DESCRIPTION OF THE TASK
From the line that contains "text \<open>Matrices are" through the line that contains "(\<forall>i. h i", output every line of the listing below exactly and leave out all the rest.

----- DATA -----

(* Let $N,S,d\ge 1$, $\alpha\in(0,1)$, let $\overline{C}_1,\dots,\overline{C}_S\in\mathbb{R}^{N\times N}$ be symmetric, $\overline{A}_1,\dots,\overline{A}_S\in\mathbb{R}^{N\times d}$, and $h\in\Sigma_N$, with $D_h=\mathrm{diag}(h)$. For $w\in\Sigma_S$ set $\widetilde{C}(w) = \sum_s w_s\overline{C}_s$ and $\widetilde{A}(w)=\sum_s w_s\overline{A}_s$. Define $M_1,M_2\in\mathbb{R}^{S\times S}$ by $(M_1)_{pq} = \langle D_h\overline{C}_p, \overline{C}_q D_h\rangle_F$ and $(M_2)_{pq} = \langle D_h^{1/2}\overline{A}_p, D_h^{1/2}\overline{A}_q\rangle_F$. Then $M_1$, $M_2$ and $M_\alpha := \alpha M_1 + (1-\alpha)M_2$ are positive semi-definite, hence $\|x\|_{M_\alpha}=\sqrt{x^\top M_\alpha x}$ induces a Mahalanobis (pseudo-)distance on $\mathbb{R}^S$, and for all $w^{(1)},w^{(2)}\in\Sigma_S$, $$FGW_{2,\alpha}\big(\widetilde{C}(w^{(1)}),\widetilde{A}(w^{(1)}),\widetilde{C}(w^{(2)}),\widetilde{A}(w^{(2)}),h,h\big)\le \|w^{(1)}-w^{(2)}\|_{M_\alpha}.$$
   Context: $\Sigma_N = \{h \in \mathbb{R}_+^N : \sum_i h_i = 1\}$; $\mathcal{U}(h,h)=\{T\in\mathbb{R}_+^{N\times N}: T\mathbf{1}_N=h,\ T^\top\mathbf{1}_N=h\}$. For symmetric $C^X,C^Y\in\mathbb{R}^{N\times N}$ and feature matrices $A^X,A^Y\in\mathbb{R}^{N\times d}$ with rows $a^X_i,a^Y_j$, the Fused Gromov–Wasserstein distance with squared Euclidean feature cost is $FGW_{2,\alpha}(C^X,A^X,C^Y,A^Y,h,h) = \big(\min_{T\in\mathcal{U}(h,h)} (1-\alpha)\sum_{i,j}\|a^X_i-a^Y_j\|_2^2T_{ij} + \alpha\sum_{i,j,k,l}(C^X_{ij}-C^Y_{kl})^2T_{ik}T_{jl}\big)^{1/2}$. $\langle A,B\rangle_F=\mathrm{tr}(A^\top B)$. *)

theory Defs
  imports "HOL-Analysis.Analysis"
begin

text \<open>Matrices are functions on finite index types; N = CARD('n), S = CARD('s), d = CARD('d).\<close>

definition prob_simplex :: "('a::finite \<Rightarrow> real) set" where
  "prob_simplex = {h. (\<forall>i. h i \<ge> 0) \<and> (\<Sum>i\<in>UNIV. h i) = 1}"

definition couplings :: "('n::finite \<Rightarrow> real) \<Rightarrow> ('n \<Rightarrow> 'n \<Rightarrow> real) set" where
  "couplings h = {T. (\<forall>i j. T i j \<ge> 0) \<and> (\<forall>i. (\<Sum>j\<in>UNIV. T i j) = h i)
                     \<and> (\<forall>j. (\<Sum>i\<in>UNIV. T i j) = h j)}"

definition fgw_cost :: "real \<Rightarrow> ('n::finite \<Rightarrow> 'n \<Rightarrow> real) \<Rightarrow> ('n \<Rightarrow> 'd::finite \<Rightarrow> real)
    \<Rightarrow> ('n \<Rightarrow> 'n \<Rightarrow> real) \<Rightarrow> ('n \<Rightarrow> 'd \<Rightarrow> real) \<Rightarrow> ('n \<Rightarrow> 'n \<Rightarrow> real) \<Rightarrow> real" where
  "fgw_cost \<alpha> CX AX CY AY T =
     (1 - \<alpha>) * (\<Sum>i\<in>UNIV. \<Sum>j\<in>UNIV. (\<Sum>k\<in>UNIV. (AX i k - AY j k)\<^sup>2) * T i j)
     + \<alpha> * (\<Sum>i\<in>UNIV. \<Sum>j\<in>UNIV. \<Sum>k\<in>UNIV. \<Sum>l\<in>UNIV. (CX i j - CY k l)\<^sup>2 * T i k * T j l)"

text \<open>FGW_{2,alpha}(C^X,A^X,C^Y,A^Y,h,h): square root of the minimal cost over U(h,h)
  (the minimum is attained, so it equals the infimum).\<close>
definition FGW2 :: "real \<Rightarrow> ('n::finite \<Rightarrow> 'n \<Rightarrow> real) \<Rightarrow> ('n \<Rightarrow> 'd::finite \<Rightarrow> real)
    \<Rightarrow> ('n \<Rightarrow> 'n \<Rightarrow> real) \<Rightarrow> ('n \<Rightarrow> 'd \<Rightarrow> real) \<Rightarrow> ('n \<Rightarrow> real) \<Rightarrow> real" where
  "FGW2 \<alpha> CX AX CY AY h = sqrt (Inf (fgw_cost \<alpha> CX AX CY AY ` couplings h))"

definition frob :: "('a::finite \<Rightarrow> 'b::finite \<Rightarrow> real) \<Rightarrow> ('a \<Rightarrow> 'b \<Rightarrow> real) \<Rightarrow> real" where
  "frob A B = (\<Sum>i\<in>UNIV. \<Sum>j\<in>UNIV. A i j * B i j)"

definition quad_form :: "('s::finite \<Rightarrow> 's \<Rightarrow> real) \<Rightarrow> ('s \<Rightarrow> real) \<Rightarrow> real" where
  "quad_form M x = (\<Sum>p\<in>UNIV. \<Sum>q\<in>UNIV. x p * M p q * x q)"

definition psd :: "('s::finite \<Rightarrow> 's \<Rightarrow> real) \<Rightarrow> bool" where
  "psd M \<longleftrightarrow> (\<forall>x. quad_form M x \<ge> 0)"

definition mahal_norm :: "('s::finite \<Rightarrow> 's \<Rightarrow> real) \<Rightarrow> ('s \<Rightarrow> real) \<Rightarrow> real" where
  "mahal_norm M x = sqrt (quad_form M x)"

text \<open>D_h = diag(h); matrix products with diagonal matrices written entrywise.\<close>
definition M1 :: "('n::finite \<Rightarrow> real) \<Rightarrow> ('s::finite \<Rightarrow> 'n \<Rightarrow> 'n \<Rightarrow> real) \<Rightarrow> 's \<Rightarrow> 's \<Rightarrow> real" where
  "M1 h C p q = frob (\<lambda>i j. h i * C p i j) (\<lambda>i j. C q i j * h j)"

definition M2 :: "('n::finite \<Rightarrow> real) \<Rightarrow> ('s::finite \<Rightarrow> 'n \<Rightarrow> 'd::finite \<Rightarrow> real) \<Rightarrow> 's \<Rightarrow> 's \<Rightarrow> real" where
  "M2 h A p q = frob (\<lambda>i k. sqrt (h i) * A p i k) (\<lambda>i k. sqrt (h i) * A q i k)"

definition Malpha :: "real \<Rightarrow> ('n::finite \<Rightarrow> real) \<Rightarrow> ('s::finite \<Rightarrow> 'n \<Rightarrow> 'n \<Rightarrow> real)
    \<Rightarrow> ('s \<Rightarrow> 'n \<Rightarrow> 'd::finite \<Rightarrow> real) \<Rightarrow> 's \<Rightarrow> 's \<Rightarrow> real" where
  "Malpha \<alpha> h C A p q = \<alpha> * M1 h C p q + (1 - \<alpha>) * M2 h A p q"

definition Ctil :: "('s::finite \<Rightarrow> 'n \<Rightarrow> 'n \<Rightarrow> real) \<Rightarrow> ('s \<Rightarrow> real) \<Rightarrow> 'n \<Rightarrow> 'n \<Rightarrow> real" where
  "Ctil C w = (\<lambda>i j. \<Sum>s\<in>UNIV. w s * C s i j)"

definition Atil :: "('s::finite \<Rightarrow> 'n \<Rightarrow> 'd \<Rightarrow> real) \<Rightarrow> ('s \<Rightarrow> real) \<Rightarrow> 'n \<Rightarrow> 'd \<Rightarrow> real" where
  "Atil A w = (\<lambda>i k. \<Sum>s\<in>UNIV. w s * A s i k)"

end

(*
  M1 and M2 are Gram matrices, so x^T M1 x and x^T M2 x are the weighted sums of squares
  ||D_h^(1/2) C(x) D_h^(1/2)||_F^2 and ||D_h^(1/2) A(x)||_F^2 with C(x) = sum_s x_s C_s,
  A(x) = sum_s x_s A_s; hence M1, M2 and their convex combination are positive semi-definite.
  The mixtures are linear in the weights, and the diagonal coupling D_h, which matches every
  node with itself, has FGW cost alpha x^T M1 x + (1 - alpha) x^T M2 x at x = w1 - w2.
  FGW is at most the square root of the cost of any coupling.
*)
theory Submission
  imports Defs
begin

lemma quad_form_gram:
  fixes g :: "'i::finite \<Rightarrow> 'j::finite \<Rightarrow> real" and f :: "'s::finite \<Rightarrow> 'i \<Rightarrow> 'j \<Rightarrow> real"
  shows "quad_form (\<lambda>p q. \<Sum>i\<in>UNIV. \<Sum>j\<in>UNIV. g i j * f p i j * f q i j) x
       = (\<Sum>i\<in>UNIV. \<Sum>j\<in>UNIV. g i j * (\<Sum>p\<in>UNIV. x p * f p i j)\<^sup>2)"
proof -
  have "quad_form (\<lambda>p q. \<Sum>i\<in>UNIV. \<Sum>j\<in>UNIV. g i j * f p i j * f q i j) x
      = (\<Sum>p\<in>UNIV. \<Sum>q\<in>UNIV. \<Sum>i\<in>UNIV. \<Sum>j\<in>UNIV. g i j * (x p * f p i j) * (x q * f q i j))"
    unfolding quad_form_def by (simp add: sum_distrib_left sum_distrib_right mult_ac)
  also have "\<dots> = (\<Sum>i\<in>UNIV. \<Sum>j\<in>UNIV. \<Sum>p\<in>UNIV. \<Sum>q\<in>UNIV. g i j * (x p * f p i j) * (x q * f q i j))"
    by (subst (2) sum.swap, subst sum.swap, subst (2) sum.swap, subst (4) sum.swap, rule refl)
  also have "\<dots> = (\<Sum>i\<in>UNIV. \<Sum>j\<in>UNIV. g i j * (\<Sum>p\<in>UNIV. x p * f p i j)\<^sup>2)"
    by (simp add: power2_eq_square sum_product sum_distrib_left mult_ac)
  finally show ?thesis .
qed

lemma quad_form_lincomb:
  "quad_form (\<lambda>p q. a * M p q + b * M' p q) x = a * quad_form M x + b * quad_form M' x"
  unfolding quad_form_def by (simp add: algebra_simps sum.distrib sum_distrib_left)

lemma psd_lincomb:
  assumes "0 \<le> a" "0 \<le> b" "psd M" "psd M'"
  shows "psd (\<lambda>p q. a * M p q + b * M' p q)"
  using assms unfolding psd_def quad_form_lincomb by simp

lemma Ctil_diff: "Ctil C w1 i j - Ctil C w2 i j = Ctil C (w1 - w2) i j"
  unfolding Ctil_def by (simp add: sum_subtractf[symmetric] left_diff_distrib)

lemma Atil_diff: "Atil A w1 i k - Atil A w2 i k = Atil A (w1 - w2) i k"
  unfolding Atil_def by (simp add: sum_subtractf[symmetric] left_diff_distrib)

lemma quad_form_M1: "quad_form (M1 h C) x = (\<Sum>i\<in>UNIV. \<Sum>j\<in>UNIV. h i * h j * (Ctil C x i j)\<^sup>2)"
  unfolding M1_def frob_def Ctil_def quad_form_gram[symmetric] by (simp add: mult_ac)

lemma quad_form_M2:
  assumes "\<forall>i. 0 \<le> h i"
  shows "quad_form (M2 h A) x = (\<Sum>i\<in>UNIV. \<Sum>k\<in>UNIV. h i * (Atil A x i k)\<^sup>2)"
proof -
  have sqrt_h: "sqrt (h i) * a * (sqrt (h i) * b) = h i * a * b" for i a b
  proof -
    have "sqrt (h i) * a * (sqrt (h i) * b) = (sqrt (h i) * sqrt (h i)) * a * b"
      by (simp only: mult_ac)
    also have "\<dots> = h i * a * b"
      using assms by simp
    finally show ?thesis .
  qed
  show ?thesis
    unfolding M2_def frob_def Atil_def quad_form_gram[symmetric] sqrt_h ..
qed

lemma quad_form_Malpha:
  "quad_form (Malpha \<alpha> h C A) x = \<alpha> * quad_form (M1 h C) x + (1 - \<alpha>) * quad_form (M2 h A) x"
  unfolding Malpha_def[abs_def] by (rule quad_form_lincomb)

lemma psd_M1:
  assumes "\<forall>i. 0 \<le> h i"
  shows "psd (M1 h C)"
  unfolding psd_def quad_form_M1 using assms by (auto intro!: sum_nonneg)

lemma psd_M2:
  assumes "\<forall>i. 0 \<le> h i"
  shows "psd (M2 h A)"
  unfolding psd_def quad_form_M2[OF assms] using assms by (auto intro!: sum_nonneg)

lemma psd_Malpha:
  assumes "0 \<le> \<alpha>" "\<alpha> \<le> 1" "\<forall>i. 0 \<le> h i"
  shows "psd (Malpha \<alpha> h C A)"
  unfolding Malpha_def[abs_def] using assms by (intro psd_lincomb psd_M1 psd_M2) auto

definition diag_coupling :: "('n \<Rightarrow> real) \<Rightarrow> 'n \<Rightarrow> 'n \<Rightarrow> real" where
  "diag_coupling h = (\<lambda>i j. if i = j then h i else 0)"

lemma diag_coupling_in_couplings:
  assumes "\<forall>i. 0 \<le> h i"
  shows "diag_coupling h \<in> couplings h"
  using assms unfolding diag_coupling_def couplings_def by auto

lemma fgw_cost_diag_coupling:
  "fgw_cost \<alpha> CX AX CY AY (diag_coupling h) =
     (1 - \<alpha>) * (\<Sum>i\<in>UNIV. h i * (\<Sum>k\<in>UNIV. (AX i k - AY i k)\<^sup>2))
     + \<alpha> * (\<Sum>i\<in>UNIV. \<Sum>j\<in>UNIV. h i * h j * (CX i j - CY i j)\<^sup>2)"
proof -
  have mult_if: "x * (if c then y else 0) = (if c then x * y else 0)" for x y :: real and c
    by simp
  have if_mult: "(if c then y else 0) * x = (if c then y * x else 0)" for x y :: real and c
    by simp
  have sum_if: "(\<Sum>l\<in>L. if c then f l else 0) = (if c then \<Sum>l\<in>L. f l else 0)" for L c and f :: "_ \<Rightarrow> real"
    by simp
  show ?thesis
    unfolding fgw_cost_def diag_coupling_def by (simp add: mult_if if_mult sum_if mult_ac)
qed

lemma fgw_cost_nonneg:
  assumes "0 \<le> \<alpha>" "\<alpha> \<le> 1" "T \<in> couplings h"
  shows "0 \<le> fgw_cost \<alpha> CX AX CY AY T"
  using assms unfolding fgw_cost_def couplings_def
  by (intro add_nonneg_nonneg mult_nonneg_nonneg sum_nonneg) auto

lemma FGW2_le_sqrt_fgw_cost:
  assumes "0 \<le> \<alpha>" "\<alpha> \<le> 1" "T \<in> couplings h"
  shows "FGW2 \<alpha> CX AX CY AY h \<le> sqrt (fgw_cost \<alpha> CX AX CY AY T)"
proof -
  have "bdd_below (fgw_cost \<alpha> CX AX CY AY ` couplings h)"
    using fgw_cost_nonneg[OF assms(1,2)] by (intro bdd_belowI[where m = 0]) blast
  then have "Inf (fgw_cost \<alpha> CX AX CY AY ` couplings h) \<le> fgw_cost \<alpha> CX AX CY AY T"
    using assms(3) by (auto intro: cInf_lower)
  then show ?thesis
    unfolding FGW2_def by simp
qed

lemma fgw_cost_diag_coupling_mixtures:
  assumes "\<forall>i. 0 \<le> h i"
  shows "fgw_cost \<alpha> (Ctil C w1) (Atil A w1) (Ctil C w2) (Atil A w2) (diag_coupling h)
           = quad_form (Malpha \<alpha> h C A) (w1 - w2)"
  unfolding fgw_cost_diag_coupling quad_form_Malpha quad_form_M1 quad_form_M2[OF assms]
    Ctil_diff Atil_diff
  by (simp add: sum_distrib_left)

lemma FGW2_mixtures_le_mahal_norm:
  assumes "0 \<le> \<alpha>" "\<alpha> \<le> 1" "\<forall>i. 0 \<le> h i"
  shows "FGW2 \<alpha> (Ctil C w1) (Atil A w1) (Ctil C w2) (Atil A w2) h
           \<le> mahal_norm (Malpha \<alpha> h C A) (w1 - w2)"
proof -
  have "FGW2 \<alpha> (Ctil C w1) (Atil A w1) (Ctil C w2) (Atil A w2) h
      \<le> sqrt (fgw_cost \<alpha> (Ctil C w1) (Atil A w1) (Ctil C w2) (Atil A w2) (diag_coupling h))"
    using assms by (intro FGW2_le_sqrt_fgw_cost diag_coupling_in_couplings)
  then show ?thesis
    unfolding fgw_cost_diag_coupling_mixtures[OF assms(3)] mahal_norm_def .
qed

theorem proposition4:
  fixes \<alpha> :: real
    and C :: "'s::finite \<Rightarrow> 'n::finite \<Rightarrow> 'n \<Rightarrow> real"
    and A :: "'s \<Rightarrow> 'n \<Rightarrow> 'd::finite \<Rightarrow> real"
    and h :: "'n \<Rightarrow> real"
  assumes "0 < \<alpha>" and "\<alpha> < 1"
    and "\<forall>s i j. C s i j = C s j i"
    and "h \<in> prob_simplex"
  shows "psd (M1 h C) \<and> psd (M2 h A) \<and> psd (Malpha \<alpha> h C A) \<and>
         (\<forall>w1 \<in> prob_simplex. \<forall>w2 \<in> prob_simplex.
            FGW2 \<alpha> (Ctil C w1) (Atil A w1) (Ctil C w2) (Atil A w2) h
              \<le> mahal_norm (Malpha \<alpha> h C A) (w1 - w2))"
proof -
  have h_nonneg: "\<forall>i. 0 \<le> h i"
    using assms(4) unfolding prob_simplex_def by simp
  have "0 \<le> \<alpha>" "\<alpha> \<le> 1"
    using assms(1,2) by simp_all
  with h_nonneg show ?thesis
    by (simp add: psd_M1 psd_M2 psd_Malpha FGW2_mixtures_le_mahal_norm)
qed

end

-----

RESULT FOR THIS TASK
text \<open>Matrices are functions on finite index types; N = CARD('n), S = CARD('s), d = CARD('d).\<close>

definition prob_simplex :: "('a::finite \<Rightarrow> real) set" where
  "prob_simplex = {h. (\<forall>i. h i \<ge> 0) \<and> (\<Sum>i\<in>UNIV. h i) = 1}"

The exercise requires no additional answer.